Today we’re announcing the general availability of Icinga Web v2.7.6, v2.8.4 and v2.9.2. All are standard bugfix releases and include fixes found by the community since the latest releases.
You can find all issues related to this release on our Roadmap. Please make sure to also check the respective upgrading section in the documentation.
This release is accompanied by the minor releases v2.7.6 and v2.8.4 which include the fix for the flattened custom variables.
Pancakes everywhere
One of the security fixes included in v2.7.5, v2.8.3 and v2.9.0 went rampant and let you see similarities between custom variables and pancakes. These are gone now. Also, the login allowed some users to bake pancakes on their CPUs. However, we’d still recommend not to. What we do recommend, is to use graphical details to ease recognition. A pancake ? in performance data labels for example.
- Nested custom variables are flattened #4439
- Disable login orb animation and all orbs for themes #4468
- SVG chart library doesn’t process input as UTF-8 #4462
Staying remembered too difficult
We all have sometimes difficulties remembering people we rarely meet.
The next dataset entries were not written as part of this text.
lemma set_integrable_upper_partial_moment:
  fixes f :: "real \<Rightarrow> real"
  assumes [measurable]: "f \<in> borel_measurable borel" and f_nonneg: "\<And>t. 0 \<le> f t"
    and moment: "set_integrable lborel {0..} (\<lambda>t. t ^ n * f t)" and "0 \<le> x"
  shows "set_integrable lborel {x..} (\<lambda>t. (t - x) ^ n * f t)"
proof (rule set_integrable_bound)
  show "set_integrable lborel {x..} (\<lambda>t. t ^ n * f t)"
    by (rule set_integrable_subset[OF moment]) (use \<open>0 \<le> x\<close> in auto)
  show "set_borel_measurable lborel {x..} (\<lambda>t. (t - x) ^ n * f t)"
    unfolding set_borel_measurable_def by measurable
  show "AE t in lborel. t \<in> {x..} \<longrightarrow> norm ((t - x) ^ n * f t) \<le> norm (t ^ n * f t)"
    using \<open>0 \<le> x\<close> by (auto simp: abs_mult f_nonneg intro!: mult_right_mono power_mono)
qed

lemma ennreal_upper_partial_moment:
  fixes f :: "real \<Rightarrow> real"
  assumes [measurable]: "f \<in> borel_measurable borel" and f_nonneg: "\<And>t. 0 \<le> f t"
    and "set_integrable lborel {x..} (\<lambda>t. (t - x) ^ n * f t)"
  shows "ennreal (upper_partial_moment f n x) = (\<integral>\<^sup>+t. ennreal (indicator {x..} t * (t - x) ^ n * f t) \<partial>lborel)"
  using assms(3) unfolding upper_partial_moment_def set_lebesgue_integral_def set_integrable_def
  by (subst nn_integral_eq_integral) (auto simp: indicator_def f_nonneg mult.assoc)

lemma upper_partial_moment_nonneg:
  "(\<And>t. 0 \<le> f t) \<Longrightarrow> 0 \<le> upper_partial_moment f n x"
  unfolding upper_partial_moment_def set_lebesgue_integral_def
  by (intro Bochner_Integration.integral_nonneg) (simp add: indicator_def)

lemma integral_upper_partial_moment:
  fixes f :: "real \<Rightarrow> real"
  assumes [measurable]: "f \<in> borel_measurable borel" and f_nonneg: "\<And>t. 0 \<le> f t"
    and moments: "\<And>n. set_integrable lborel {0..} (\<lambda>t. t ^ n * f t)" and "0 \<le> x"
  shows "(LINT y:{x..}|lborel. upper_partial_moment f n y) = upper_partial_moment f (Suc n) x / Suc n"
proof -
  have [measurable]: "upper_partial_moment f n \<in> borel_measurable borel"
    unfolding upper_partial_moment_def set_lebesgue_integral_def
    by (simp add: indicator_def) measurable
  have "(LINT y:{x..}|lborel. upper_partial_moment f n y)
      = enn2real (\<integral>\<^sup>+y. ennreal (indicator {x..} y * upper_partial_moment f n y) \<partial>lborel)"
    unfolding set_lebesgue_integral_def
    by (subst integral_eq_nn_integral) (auto simp: upper_partial_moment_nonneg f_nonneg)
  also have "(\<integral>\<^sup>+y. ennreal (indicator {x..} y * upper_partial_moment f n y) \<partial>lborel)
      = (\<integral>\<^sup>+y. ennreal (indicator {x..} y) * (\<integral>\<^sup>+t. ennreal (indicator {y..} t * (t - y) ^ n * f t) \<partial>lborel) \<partial>lborel)"
  proof (intro nn_integral_cong)
    fix y :: real
    show "ennreal (indicator {x..} y * upper_partial_moment f n y)
        = ennreal (indicator {x..} y) * (\<integral>\<^sup>+t. ennreal (indicator {y..} t * (t - y) ^ n * f t) \<partial>lborel)"
    proof (cases "x \<le> y")
      case True
      then have "set_integrable lborel {y..} (\<lambda>t. (t - y) ^ n * f t)"
        using \<open>0 \<le> x\<close> by (intro set_integrable_upper_partial_moment moments f_nonneg) auto
      with True show ?thesis
        by (simp add: ennreal_upper_partial_moment f_nonneg)
    qed (simp add: indicator_def)
  qed
  also have "\<dots> = ennreal (upper_partial_moment f (Suc n) x) * ennreal (1 / Suc n)"
    using \<open>0 \<le> x\<close>
    by (simp only: nn_integral_upper_partial_moment_iterate f_nonneg
        ennreal_upper_partial_moment set_integrable_upper_partial_moment moments assms(1))
  finally show ?thesis
    by (simp add: enn2real_mult upper_partial_moment_nonneg f_nonneg)
qed

lemma iter_tail_eq_upper_partial_moment_ratio:
  fixes f :: "real \<Rightarrow> real"
  assumes [measurable]: "f \<in> borel_measurable borel" and f_nonneg: "\<And>t. 0 \<le> f t"
    and moments: "\<And>n. set_integrable lborel {0..} (\<lambda>t. t ^ n * f t)"
    and total: "(LINT t:{0..}|lborel. f t) = 1"
    and moments_pos: "\<And>n. 0 < upper_partial_moment f n 0"
    and "0 \<le> x"
  shows "iter_tail f (Suc n) x = upper_partial_moment f n x / upper_partial_moment f n 0"
  using \<open>0 \<le> x\<close>
proof (induction n arbitrary: x)
  case 0
  then show ?case
    using total by (simp add: upper_partial_moment_def)
next
  case (Suc n)
  let ?M = "upper_partial_moment f"
  have tail_integral: "(LINT y:{z..}|lborel. iter_tail f (Suc n) y) = ?M (Suc n) z / Suc n / ?M n 0"
    if "0 \<le> z" for z
  proof -
    have "(LINT y:{z..}|lborel. iter_tail f (Suc n) y) = (LINT y:{z..}|lborel. ?M n y / ?M n 0)"
      using Suc.IH that by (intro set_lebesgue_integral_cong) auto
    also have "\<dots> = ?M (Suc n) z / Suc n / ?M n 0"
      using that by (simp add: integral_upper_partial_moment f_nonneg moments)
    finally show ?thesis .
  qed
  have "iter_tail f (Suc (Suc n)) x = (?M (Suc n) x / Suc n / ?M n 0) / (?M (Suc n) 0 / Suc n / ?M n 0)"
    using tail_integral[OF Suc.prems] tail_integral[of 0]
    by (simp only: iter_tail.simps(2)[of f "Suc n"] nat.distinct if_False)
  also have "\<dots> = ?M (Suc n) x / ?M (Suc n) 0"
    using moments_pos[of n] by (simp add: divide_divide_eq_left)
  finally show ?case .
qed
Especially obvious is this on those that slip through because they don’t do the same things we do. With v2.9.0 this has happened for PostgreSQL, PHP v5.6-v7.0 and setup wizard users. Now they get their deserved attention, and Icinga Web 2 will remember them just like all others.
- RememberMe not working with only PostgreSQL #4441
- RememberMe compatibility with php version 5.6+ #4472
- RememberMe fails after running the wizard for grants #4434
The alert administrators ready to upgrade ASAP yesterday may have noticed that there has already been a v2.9.1 release. Well, above I’ve joked about us and PostgreSQL and it couldn’t be more true. A fix in v2.9.1 wasn’t compatible with it again, and that’s why there’s a v2.9.2 now already.
Being picky pays off
A custom datetime picker was introduced with v2.9.0. It had it’s issues, but we didn’t anticipate that much headwind. After careful reconsideration, we chose to only show the custom datetime picker for Firefox and IE users. Other browsers have their own capable enough native implementation which, in Chrome’s case, may even be superior. If it is now used, it also closes automatically and doesn’t swallow unrelated key presses.